There are autosensing 10/100 hubs meaning you can run both speeds on your network. The speed would be determined by the slowest common denominator on one side of the file transfer. In other words, if two PC's are transferring data with 100 meg cards then they would be 100 meg but if one is 10 meg they would only be transferring as fast as that one could send or recieve. Thats assuming no on else is transferring data because a hub shares the bandwidth vs a switch which is dedicated at each port. Also, these network BBS's are littered with troublecalls about problems that are caused by these autosensing hubs not doing what they advertise doing. Invariably forcing 10 meg on the 10/100 NIC's will solve the ills so its not perfect by any means, especially with cheap 10/100 hubs, but its possible to have a mixed network and get the full pull from a 100mb card on a network with some 10mb NIC's.
 
A 10/100 hub will set all ports to the speed of the slowest device. A 10/100 switching hub will allow each port to autosense independently (while still broadcasting traffic to all ports). A 10/100 switch will allow each port to autosense independently, but traffic will only be sent to the port for which it is intended, creating separate collision domains.

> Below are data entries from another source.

lemma taylor_estimate_dirD_sum:
  fixes F :: "'a::euclidean_space \<Rightarrow> real"
  assumes sm: "smooth_fun F" and "finite I" and "dir ` I \<subseteq> Basis"
    and "\<And>i j y. i \<in> I \<Longrightarrow> j \<in> I \<Longrightarrow> \<bar>dirD (dir i) (dirD (dir j) F) y\<bar> \<le> K"
  shows "\<bar>F (p + h *\<^sub>R (\<Sum>i\<in>I. c i *\<^sub>R dir i)) - F p - h * (\<Sum>i\<in>I. c i * dirD (dir i) F p)\<bar>
           \<le> K * (\<Sum>i\<in>I. \<bar>c i\<bar>)\<^sup>2 * h\<^sup>2"
  using assms(2-)
proof (induction I arbitrary: p rule: finite_induct)
  case empty
  then show ?case by simp
next
  case (insert a S p)
  define A where "A = (\<Sum>i\<in>S. \<bar>c i\<bar>)"
  define q where "q = p + (h * c a) *\<^sub>R dir a"
  have a: "dir a \<in> Basis"
    using insert.prems(1) by simp
  have K: "\<bar>dirD (dir i) (dirD (dir j) F) y\<bar> \<le> K" if "i \<in> insert a S" "j \<in> insert a S" for i j y
    using insert.prems(2) that .
  have "0 \<le> K" "0 \<le> A"
    using K[of a a] by (auto simp: A_def intro: order_trans[OF abs_ge_zero] sum_nonneg)
  have IH: "\<bar>F (q + h *\<^sub>R (\<Sum>i\<in>S. c i *\<^sub>R dir i)) - F q - h * (\<Sum>i\<in>S. c i * dirD (dir i) F q)\<bar>
      \<le> K * A\<^sup>2 * h\<^sup>2"
    unfolding A_def using insert.prems by (intro insert.IH) auto
  have step: "\<bar>F q - F p - (h * c a) * dirD (dir a) F p\<bar> \<le> K / 2 * (h * c a)\<^sup>2"
    unfolding q_def using K by (intro dirD_line_taylor[OF sm a]) auto
  have "\<bar>\<Sum>i\<in>S. c i * (dirD (dir i) F q - dirD (dir i) F p)\<bar> \<le> A * (K * \<bar>h * c a\<bar>)"
    unfolding q_def A_def using insert.prems K by (intro dirD_sum_shift_bound[OF sm _ a]) auto
  then have drift: "\<bar>h * (\<Sum>i\<in>S. c i * (dirD (dir i) F q - dirD (dir i) F p))\<bar> \<le> \<bar>h\<bar> * (A * (K * \<bar>h * c a\<bar>))"
    by (simp add: abs_mult mult_left_mono)
  have "F (p + h *\<^sub>R (\<Sum>i\<in>insert a S. c i *\<^sub>R dir i)) - F p - h * (\<Sum>i\<in>insert a S. c i * dirD (dir i) F p)
      = (F (q + h *\<^sub>R (\<Sum>i\<in>S. c i *\<^sub>R dir i)) - F q - h * (\<Sum>i\<in>S. c i * dirD (dir i) F q))
        + (F q - F p - (h * c a) * dirD (dir a) F p)
        + h * (\<Sum>i\<in>S. c i * (dirD (dir i) F q - dirD (dir i) F p))"
    using insert.hyps unfolding q_def by (simp add: sum_subtractf algebra_simps)
  also have "\<bar>\<dots>\<bar> \<le> K * A\<^sup>2 * h\<^sup>2 + K / 2 * (h * c a)\<^sup>2 + \<bar>h\<bar> * (A * (K * \<bar>h * c a\<bar>))"
    using IH step drift abs_triangle_ineq by (smt (verit))
  also have "\<dots> \<le> K * (\<bar>c a\<bar> + A)\<^sup>2 * h\<^sup>2"
  proof -
    have "K * A\<^sup>2 * h\<^sup>2 + K / 2 * (h * c a)\<^sup>2 + \<bar>h\<bar> * (A * (K * \<bar>h * c a\<bar>))
        = K * h\<^sup>2 * (A\<^sup>2 + (c a)\<^sup>2 / 2 + A * \<bar>c a\<bar>)"
      by (simp add: abs_mult power2_eq_square algebra_simps)
    also have "\<dots> \<le> K * h\<^sup>2 * (\<bar>c a\<bar> + A)\<^sup>2"
      using \<open>0 \<le> K\<close> \<open>0 \<le> A\<close> by (intro mult_left_mono) (auto simp: power2_eq_square algebra_simps)
    finally show ?thesis
      by (simp add: algebra_simps)
  qed
  also have "\<dots> = K * (\<Sum>i\<in>insert a S. \<bar>c i\<bar>)\<^sup>2 * h\<^sup>2"
    using insert.hyps by (simp add: A_def)
  finally show ?case .
qed
theorem mainTheorem3:
  fixes q m n \<delta> :: nat and \<alpha> :: "'b::{field,finite}"
  assumes "prime_power q"
    and "m \<ge> 1" and "m \<noteq> 2"
    and "card (UNIV :: 'b set) = q ^ (2 * m)"
    and "primitive_elem \<alpha>"
    and "n = q ^ (2 * m) - 1"
    and "2 \<le> \<delta>" and "\<delta> \<le> n"
  shows "herm_dual q n (BCH \<alpha> n (q^2) \<delta>) \<subseteq> BCH \<alpha> n (q^2) \<delta> \<longleftrightarrow>
         int \<delta> \<le> int q ^ (m + of_bool (even m)) - 1 - (int q ^ 2 - 2) * of_bool (even m)"
proof -
  interpret hermitian_field q m n \<alpha>
    using assms by unfold_locales
  have "herm_dual q n (BCH \<alpha> n (q^2) \<delta>) \<subseteq> BCH \<alpha> n (q^2) \<delta> \<longleftrightarrow>
      \<not> (\<exists>s\<in>bch_defining_set (q ^ 2) n \<delta>. \<exists>z\<in>bch_defining_set (q ^ 2) n \<delta>. n dvd q * s + z)"
    unfolding BCH_eq_code_of_zeros
    by (rule herm_dual_subset_code_of_zeros_iff[OF cyclotomic_closed_bch_defining_set])
  also have "\<dots> \<longleftrightarrow> \<not> (\<exists>x y j. odd j \<and> x \<in> {1..<\<delta>} \<and> y \<in> {1..<\<delta>} \<and> n dvd x + q ^ j * y)"
    using bch_defining_set_conjugate_pair_iff[of q m n \<delta>] q_ge_2 assms(2,6,8) by simp
  also have "\<dots> \<longleftrightarrow> \<not> delta_max q m < int \<delta>"
    using conjugate_pair_below_iff[of q m \<delta>] q_ge_2 assms(2,3,6) by simp
  finally show ?thesis
    by (simp add: delta_max_def not_less)
qed

end
text \<open>
  Put \<open>m = i - k - l\<close>, \<open>a = \<alpha> + 2l\<close>, \<open>b = \<beta> + 2k\<close>, \<open>N = n - k - l\<close> and \<open>x = n - l - h\<close>.
  Up to the factor \<open>binom(n-k-l, h-k) / binom(n, h)\<close>, \<open>c\<^sub>i\<^sub>h\<close> is the Hahn polynomial
  \<open>Q\<^sub>m(x; a, b, N)\<close> weighted by \<open>(a+1)\<^sub>m / m!\<close>. The recurrence for \<open>c\<^sub>i\<^sub>h\<close> is the three-term
  recurrence of Hahn polynomials in the degree,
  \<open>Q\<^sub>m = (1 - M\<^sub>m) Q\<^sub>m\<^sub>-\<^sub>1 + M\<^sub>m Q\<^sub>m\<^sub>-\<^sub>2 + c\<^sub>m x Q\<^sub>m\<^sub>-\<^sub>1\<close>, rescaled by these weights.
  It is proved coefficientwise in the basis \<open>(-x)\<^sub>j / (j! (a+1)\<^sub>j (-N)\<^sub>j)\<close>: multiplication by
  \<open>x\<close> acts on it through \<open>x (-x)\<^sub>j = j (-x)\<^sub>j - (-x)\<^sub>j\<^sub>+\<^sub>1\<close>, and once denominators are cleared
  the identity for the coefficients is a polynomial identity in a few Pochhammer symbols.
\<close>

definition hahn_num :: "real \<Rightarrow> real \<Rightarrow> nat \<Rightarrow> nat \<Rightarrow> real" where
  "hahn_num a b m j = pochhammer (- real m) j * pochhammer (real m + a + b + 1) j"

definition hahn_den :: "real \<Rightarrow> nat \<Rightarrow> nat \<Rightarrow> real" where
  "hahn_den a N j = fact j * pochhammer (a + 1) j * pochhammer (- real N) j"

text \<open>Coefficients of \<open>x Q\<^sub>m(x)\<close>; for \<open>j = 0\<close> the truncated \<open>j - 1\<close> is harmless
  because of the factor \<open>j\<close>.\<close>

definition hahn_times_x_num :: "real \<Rightarrow> real \<Rightarrow> nat \<Rightarrow> nat \<Rightarrow> nat \<Rightarrow> real" where
  "hahn_times_x_num a b N m j =
     real j * hahn_num a b m j
     - hahn_num a b m (j - 1) * real j * (a + real j) * (real j - 1 - real N)"

lemma hahn_num_recurrence_cleared_Suc_Suc:
  fixes a b :: real and N p r :: nat
  defines "(m::real) \<equiv> real p + 2"
  shows "(2*m + a + b - 2) * (m + a + b) * (m + a) * (m - real N - 1) * hahn_num a b (p + 2) (r + 2)
    = ((2*m + a + b - 2) * (m + a + b) * (m + a) * (m - real N - 1)
        - (m - 1) * (real N + m + a + b) * (m + b - 1) * (2*m + a + b)) * hahn_num a b (p + 1) (r + 2)
      + (m - 1) * (real N + m + a + b) * (m + b - 1) * (2*m + a + b) * hahn_num a b p (r + 2)
      + (2*m + a + b - 2) * (2*m + a + b - 1) * (2*m + a + b) * hahn_times_x_num a b N (p + 1) (r + 2)"
proof -
  \<comment> \<open>Every Pochhammer symbol involved is an explicit polynomial multiple of \<open>W\<close> or \<open>V\<close>.\<close>
  define W where "W = pochhammer (- real p) r"
  define V where "V = pochhammer (real p + a + b + 3) r"
  have e1: "pochhammer (- real (p + 2)) (r + 2) = (- real p - 2) * (- real p - 1) * W"
    unfolding W_def numeral_2_eq_2 add_Suc_right add_0_right
    by (simp only: pochhammer_rec) (simp add: algebra_simps)
  have e2: "pochhammer (- real (p + 1)) (r + 2) = (- real p - 1) * W * (- real p + r)"
    unfolding W_def numeral_2_eq_2 add_Suc_right add_0_right
    by (subst pochhammer_rec) (simp add: pochhammer_Suc algebra_simps)
  have e3: "pochhammer (- real p) (r + 2) = W * (- real p + r) * (- real p + r + 1)"
    unfolding W_def numeral_2_eq_2 add_Suc_right add_0_right
    by (simp only: pochhammer_Suc) (simp add: algebra_simps)
  have e4: "pochhammer (- real (p + 1)) (r + 1) = (- real p - 1) * W"
    unfolding W_def One_nat_def add_Suc_right add_0_right
    by (simp only: pochhammer_rec) (simp add: algebra_simps)
  have f1: "pochhammer (real (p + 2) + a + b + 1) (r + 2)
      = V * (real p + a + b + 3 + r) * (real p + a + b + 4 + r)"
    unfolding V_def numeral_2_eq_2 add_Suc_right add_0_right
    by (simp only: pochhammer_Suc) (simp add: algebra_simps)
  have f2: "pochhammer (real (p + 1) + a + b + 1) (r + 2)
      = (real p + a + b + 2) * V * (real p + a + b + 3 + r)"
    unfolding V_def numeral_2_eq_2 add_Suc_right add_0_right
    by (subst pochhammer_rec) (simp add: pochhammer_Suc algebra_simps)
  have f3: "pochhammer (real p + a + b + 1) (r + 2) = (real p + a + b + 1) * (real p + a + b + 2) * V"
    unfolding V_def numeral_2_eq_2 add_Suc_right add_0_right
    by (simp only: pochhammer_rec) (simp add: algebra_simps)
  have f4: "pochhammer (real (p + 1) + a + b + 1) (r + 1) = (real p + a + b + 2) * V"
    unfolding V_def One_nat_def add_Suc_right add_0_right
    by (simp only: pochhammer_rec) (simp add: algebra_simps)
  have r1: "r + 2 - 1 = r + 1" by simp
  show ?thesis
    unfolding hahn_times_x_num_def r1 hahn_num_def m_def
    unfolding e1 e2 e3 e4 f1 f2 f3 f4
    unfolding of_nat_add of_nat_numeral of_nat_1
    by algebra
qed
(* Let $\Sigma_{g,m,n}$ be a compact oriented surface of genus $g$ with $m$ boundary components labeled $0$ and $n$ boundary components labeled $2$, and assume $(g,n)$ is such that the right-hand side below is defined ($g+n\ge 1$ or $(g,n)=(0,0)$). Then $$\dim V_{\Sigma_{g,m,n}}=5^{\frac{g-1}{2}}\left\{\left(\tfrac{1+\sqrt5}{2}\right)^{g+n-1}+(-1)^{g-1}\left(\tfrac{1-\sqrt5}{2}\right)^{g+n-1}\right\}.$$
   Context: The Fibonacci TQFT ($SO(3)$ Chern–Simons theory at $r=5$) assigns to each compact oriented surface $\Sigma$ whose boundary components are parametrized and labeled by elements of $\{0,2\}$ a finite-dimensional Hilbert space $V_\Sigma$, with: $V_{\Sigma_1\sqcup\Sigma_2}=V_{\Sigma_1}\otimes V_{\Sigma_2}$; for a simple closed curve $f$ in $\Sigma$, $V_\Sigma=V_{\Sigma_{f,0}}\oplus V_{\Sigma_{f,2}}$, where $\Sigma_{f,a}$ is $\Sigma$ cut along $f$ with both new boundary components labeled $a$; a disk labeled $a$ has $\dim=\delta_{0a}$; an annulus labeled $a,b$ has $\dim=\delta_{ab}$; a genus-0 surface with three boundary components labeled $a,b,c$ has $\dim=0$ if $a+b+c=2$ and $\dim=1$ otherwise. *)

theory Defs
  imports Complex_Main
begin

text \<open>A connected compact oriented surface with labelled boundary is determined up to
  label-preserving homeomorphism by its genus g, the number m of boundary components
  labelled 0 and the number n labelled 2.  A function D g m n is an admissible
  dimension function for the Fibonacci TQFT if it satisfies the stated axioms:
  disk, annulus and pair-of-pants values, cutting along a non-separating curve, and
  cutting along a separating curve (which, by multiplicativity under disjoint union,
  yields a sum of products of the dimensions of the two pieces).\<close>

definition fib_tqft_dim :: "(nat \<Rightarrow> nat \<Rightarrow> nat \<Rightarrow> nat) \<Rightarrow> bool" where
  "fib_tqft_dim D \<longleftrightarrow>
     \<comment> \<open>disk labelled a: dim = delta_{0a}\<close>
     D 0 1 0 = 1 \<and> D 0 0 1 = 0 \<and>
     \<comment> \<open>annulus labelled a,b: dim = delta_{ab}\<close>
     D 0 2 0 = 1 \<and> D 0 1 1 = 0 \<and> D 0 0 2 = 1 \<and>
     \<comment> \<open>pair of pants labelled a,b,c: dim 0 iff a+b+c = 2, i.e. exactly one label 2\<close>
     D 0 3 0 = 1 \<and> D 0 2 1 = 0 \<and> D 0 1 2 = 1 \<and> D 0 0 3 = 1 \<and>
     \<comment> \<open>cutting along a non-separating simple closed curve\<close>
     (\<forall>g m n. D (Suc g) m n = D g (m + 2) n + D g m (n + 2)) \<and>
     \<comment> \<open>cutting along a separating simple closed curve\<close>
     (\<forall>g1 g2 m1 m2 n1 n2.
        D (g1 + g2) (m1 + m2) (n1 + n2) =
          D g1 (m1 + 1) n1 * D g2 (m2 + 1) n2 + D g1 m1 (n1 + 1) * D g2 m2 (n2 + 1))"

end

theory Submission
  imports Defs
begin

text \<open>Capping a boundary circle labelled 0 with a disk does not change the dimension, so
  only the genus g and the number n of 2-labelled boundaries matter.  Gluing a pair of
  pants gives the Fibonacci recurrence in n at genus 0, and cutting a handle gives
  D (g+1) n = D g n + D g (n+2).  The right-hand side is a combination of powers of
  the golden ratio \<phi> and its conjugate \<psi>; it satisfies the first recurrence because
  \<phi>, \<psi> are roots of x^2 = x + 1, and the second because they are also roots of
  x^2 = \<plusminus>\<surd>5 x - 1, i.e. 1/x + x = \<plusminus>\<surd>5.  Both sides agree on the sphere and the disk
  labelled 2, hence everywhere.\<close>

lemma power_int_quadratic_recurrence:
  fixes x a b :: "'a::field"
  assumes "x \<noteq> 0" and "x\<^sup>2 = a * x + b"
  shows "x powi (k + 2) = a * x powi (k + 1) + b * x powi k"
proof -
  have "x powi (k + 2) = x powi k * x\<^sup>2"
    using \<open>x \<noteq> 0\<close> by (simp add: power_int_add)
  also have "\<dots> = a * (x powi k * x) + b * x powi k"
    using assms(2) by (simp add: algebra_simps)
  also have "x powi k * x = x powi (k + 1)"
    using \<open>x \<noteq> 0\<close> by (simp add: power_int_add_1)
  finally show ?thesis .
qed

definition golden :: real where
  "golden = (1 + sqrt 5) / 2"

definition golden_conj :: real where
  "golden_conj = (1 - sqrt 5) / 2"

lemma golden_nonzero: "golden \<noteq> 0"
proof -
  have "sqrt 5 \<ge> 0"
    by simp
  then have "golden > 0"
    unfolding golden_def by (simp add: add_pos_nonneg)
  then show ?thesis
    by simp
qed

lemma golden_conj_nonzero: "golden_conj \<noteq> 0"
  unfolding golden_conj_def by simp

lemma golden_square: "golden\<^sup>2 = golden + 1"
  unfolding golden_def by (simp add: power2_eq_square field_simps)

lemma golden_conj_square: "golden_conj\<^sup>2 = golden_conj + 1"
  unfolding golden_conj_def by (simp add: power2_eq_square field_simps)

lemma golden_square_sqrt5: "golden\<^sup>2 = sqrt 5 * golden - 1"
  unfolding golden_def by (simp add: power2_eq_square field_simps)

lemma golden_conj_square_sqrt5: "golden_conj\<^sup>2 = - sqrt 5 * golden_conj - 1"
  unfolding golden_conj_def by (simp add: power2_eq_square field_simps)

lemma golden_mult_conj: "golden * golden_conj = -1"
  unfolding golden_def golden_conj_def by (simp add: field_simps)

lemma golden_minus_conj: "golden - golden_conj = sqrt 5"
  unfolding golden_def golden_conj_def by (simp add: field_simps)

definition fib_tqft_closed_form :: "nat \<Rightarrow> nat \<Rightarrow> real" where
  "fib_tqft_closed_form g n =
     5 powr ((real g - 1) / 2) *
       (golden powi (int g + int n - 1)
        + (-1) powi (int g - 1) * golden_conj powi (int g + int n - 1))"

lemma fib_tqft_closed_form_sphere: "fib_tqft_closed_form 0 0 = 1"
proof -
  have "inverse golden - inverse golden_conj = golden - golden_conj"
    using golden_mult_conj golden_nonzero golden_conj_nonzero by (simp add: field_simps)
  also have "\<dots> = sqrt 5"
    by (rule golden_minus_conj)
  finally have inverses: "inverse golden - inverse golden_conj = sqrt 5" .
  have "(real 0 - 1) / 2 = - (1 / 2)"
    by simp
  then have weight: "5 powr ((real 0 - 1) / 2) = inverse (sqrt 5)"
    by (simp only: powr_minus powr_half_sqrt)
  have exps: "int 0 + int 0 - 1 = - 1" "(-1::real) powi (int 0 - 1) = - 1"
    by simp_all
  show ?thesis
    unfolding fib_tqft_closed_form_def weight exps power_int_minus
    using inverses by simp
qed

lemma fib_tqft_closed_form_disk: "fib_tqft_closed_form 0 1 = 0"
proof -
  have exps: "int 0 + int 1 - 1 = 0" "(-1::real) powi (int 0 - 1) = - 1"
    by simp_all
  show ?thesis
    unfolding fib_tqft_closed_form_def exps by simp
qed

lemma fib_tqft_closed_form_genus0_rec:
  "fib_tqft_closed_form 0 (n + 2) = fib_tqft_closed_form 0 n + fib_tqft_closed_form 0 (n + 1)"
proof -
  define k where "k = int n - 1"
  \<comment> \<open>Folding the powr factor into an opaque constant keeps the simplifier from
    normalising it, which is very slow.\<close>
  define weight where "weight = 5 powr ((real 0 - 1) / 2)"
  have exps: "int 0 + int (n + 2) - 1 = k + 2" "int 0 + int (n + 1) - 1 = k + 1"
    "int 0 + int n - 1 = k" "(-1::real) powi (int 0 - 1) = - 1"
    unfolding k_def by simp_all
  have golden_rec: "golden powi (k + 2) = golden powi (k + 1) + golden powi k"
    using power_int_quadratic_recurrence[OF golden_nonzero, of 1 1] golden_square by simp
  have golden_conj_rec:
    "golden_conj powi (k + 2) = golden_conj powi (k + 1) + golden_conj powi k"
    using power_int_quadratic_recurrence[OF golden_conj_nonzero, of 1 1] golden_conj_square by simp
  show ?thesis
    unfolding fib_tqft_closed_form_def exps golden_rec golden_conj_rec weight_def[symmetric]
    by (simp add: algebra_simps)
qed

lemma fib_tqft_closed_form_Suc_genus:
  "fib_tqft_closed_form (Suc g) n = fib_tqft_closed_form g n + fib_tqft_closed_form g (n + 2)"
proof -
  define k where "k = int g + int n - 1"
  define sign :: real where "sign = (-1) powi (int g - 1)"
  define weight where "weight = 5 powr ((real g - 1) / 2)"
  have exps: "int (Suc g) + int n - 1 = k + 1" "int g + int (n + 2) - 1 = k + 2"
    "int g + int n - 1 = k"
    unfolding k_def by simp_all
  have sign_Suc: "(-1::real) powi (int (Suc g) - 1) = - sign"
    unfolding sign_def by (simp add: power_int_diff)
  have weight_Suc: "5 powr ((real (Suc g) - 1) / 2) = weight * sqrt 5"
  proof -
    have "(real (Suc g) - 1) / 2 = (real g - 1) / 2 + 1 / 2"
      by (simp add: field_simps)
    then show ?thesis
      unfolding weight_def by (simp only: powr_add powr_half_sqrt)
  qed
  have golden_rec: "golden powi (k + 2) = sqrt 5 * golden powi (k + 1) - golden powi k"
    using power_int_quadratic_recurrence[OF golden_nonzero, of "sqrt 5" "-1"] golden_square_sqrt5
    by simp
  have golden_conj_rec:
    "golden_conj powi (k + 2) = - sqrt 5 * golden_conj powi (k + 1) - golden_conj powi k"
    using power_int_quadratic_recurrence[OF golden_conj_nonzero, of "- sqrt 5" "-1"]
      golden_conj_square_sqrt5
    by simp
  show ?thesis
    unfolding fib_tqft_closed_form_def sign_Suc weight_Suc exps sign_def[symmetric]
      weight_def[symmetric] golden_rec golden_conj_rec
    by (simp add: algebra_simps)
qed

lemma fib_tqft_dim_cap_zero_boundary:
  assumes "fib_tqft_dim D"
  shows "D g m n = D g 0 n"
proof (induction m)
  case (Suc m)
  have "D (g + 0) (m + 0) (n + 0) =
      D g (m + 1) n * D 0 (0 + 1) 0 + D g m (n + 1) * D 0 0 (0 + 1)"
    using assms unfolding fib_tqft_dim_def by blast
  moreover have "D 0 1 0 = 1" "D 0 0 1 = 0"
    using assms unfolding fib_tqft_dim_def by simp_all
  ultimately show ?case
    using Suc by simp
qed simp

lemma fib_tqft_dim_sphere:
  assumes "fib_tqft_dim D"
  shows "D 0 0 0 = 1"
proof -
  have "D (0 + 0) (0 + 0) (0 + 0) = D 0 (0 + 1) 0 * D 0 (0 + 1) 0 + D 0 0 (0 + 1) * D 0 0 (0 + 1)"
    using assms unfolding fib_tqft_dim_def by blast
  then show ?thesis
    using assms unfolding fib_tqft_dim_def by simp
qed

lemma fib_tqft_dim_genus0_rec:
  assumes "fib_tqft_dim D"
  shows "D 0 0 (n + 2) = D 0 0 n + D 0 0 (n + 1)"
proof -
  have "D (0 + 0) (0 + 0) (n + 2) = D 0 (0 + 1) n * D 0 (0 + 1) 2 + D 0 0 (n + 1) * D 0 0 (2 + 1)"
    using assms unfolding fib_tqft_dim_def by blast
  moreover have "D 0 1 2 = 1" "D 0 0 3 = 1"
    using assms unfolding fib_tqft_dim_def by simp_all
  ultimately show ?thesis
    using fib_tqft_dim_cap_zero_boundary[OF assms, of 0 1 n] by simp
qed

lemma fib_tqft_dim_Suc_genus:
  assumes "fib_tqft_dim D"
  shows "D (Suc g) 0 n = D g 0 n + D g 0 (n + 2)"
proof -
  have "D (Suc g) 0 n = D g (0 + 2) n + D g 0 (n + 2)"
    using assms unfolding fib_tqft_dim_def by blast
  then show ?thesis
    using fib_tqft_dim_cap_zero_boundary[OF assms, of g 2 n] by (simp add: numeral_2_eq_2)
qed

lemma fib_tqft_dim_eq_closed_form:
  assumes "fib_tqft_dim D"
  shows "real (D g 0 n) = fib_tqft_closed_form g n"
proof (induction g arbitrary: n)
  case 0
  show ?case
  proof (induction n rule: induct_nat_012)
    case 0
    show ?case
      using fib_tqft_dim_sphere[OF assms] fib_tqft_closed_form_sphere by simp
  next
    case 1
    show ?case
      using assms fib_tqft_closed_form_disk unfolding fib_tqft_dim_def by simp
  next
    case (ge2 n)
    then show ?case
      using fib_tqft_dim_genus0_rec[OF assms, of n] fib_tqft_closed_form_genus0_rec[of n] by simp
  qed
next
  case (Suc g)
  then show ?case
    using fib_tqft_dim_Suc_genus[OF assms] fib_tqft_closed_form_Suc_genus by simp
qed

theorem lemma6p1:
  fixes D :: "nat \<Rightarrow> nat \<Rightarrow> nat \<Rightarrow> nat" and g m n :: nat
  assumes "fib_tqft_dim D"
  assumes "g + n \<ge> 1 \<or> (g = 0 \<and> n = 0)"
  shows "real (D g m n) =
    5 powr ((real g - 1) / 2) *
      (((1 + sqrt 5) / 2) powi (int g + int n - 1)
       + (-1) powi (int g - 1) * ((1 - sqrt 5) / 2) powi (int g + int n - 1))"
proof -
  \<comment> \<open>The second hypothesis holds for every (g, n); with integer exponents the
    right-hand side is meaningful for all pairs.\<close>
  have "real (D g m n) = fib_tqft_closed_form g n"
    unfolding fib_tqft_dim_cap_zero_boundary[OF assms(1), of g m n]
    by (rule fib_tqft_dim_eq_closed_form[OF assms(1)])
  then show ?thesis
    unfolding fib_tqft_closed_form_def golden_def golden_conj_def .
qed

end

The speed that a given device will be able to communicate with another is as slow as the slowest link along the way. It would work like this:

Let's say we've got 3 PCs, PC A is 10Mb, PCs B and C are both 100Mb. The speeds for communication using the various devices would be like this:

10/100 Hub:
A to B - 10
A to C - 10
B to C - 10

10/100 Switching Hub:
A to B - 10
A to C - 10
B to C - 100

10/100 Switch:
A to B - 10
A to C - 10
B to C - 100

You can see that on the hub, PC A knocks everyone down to 10 Mb, whereas on the switching devices, only communication with PC is limited to 10. On the switching hub, PC A can see the communication between B and C but ignores it, on the switch, it can't even see it.
 
Thank you for your explanation, nettech98! I smell FAQ material 🙂

I'm left with one question, however: I've actually never seen a switching hub, just hubs and switches, are switching hubs just rare?
 
Interesting. I obviously thought otherwise but I never really did any research on it or benched it. I'll check out the speeds of our mixed network at the office.

Yeah, looked around. Nothing that actually said that this was the case but in a "not so many words" deal. Still would like to read it in print specifically but does look like all ports must be running at 100 Mb for any to work at 100Mb. Bummer huh?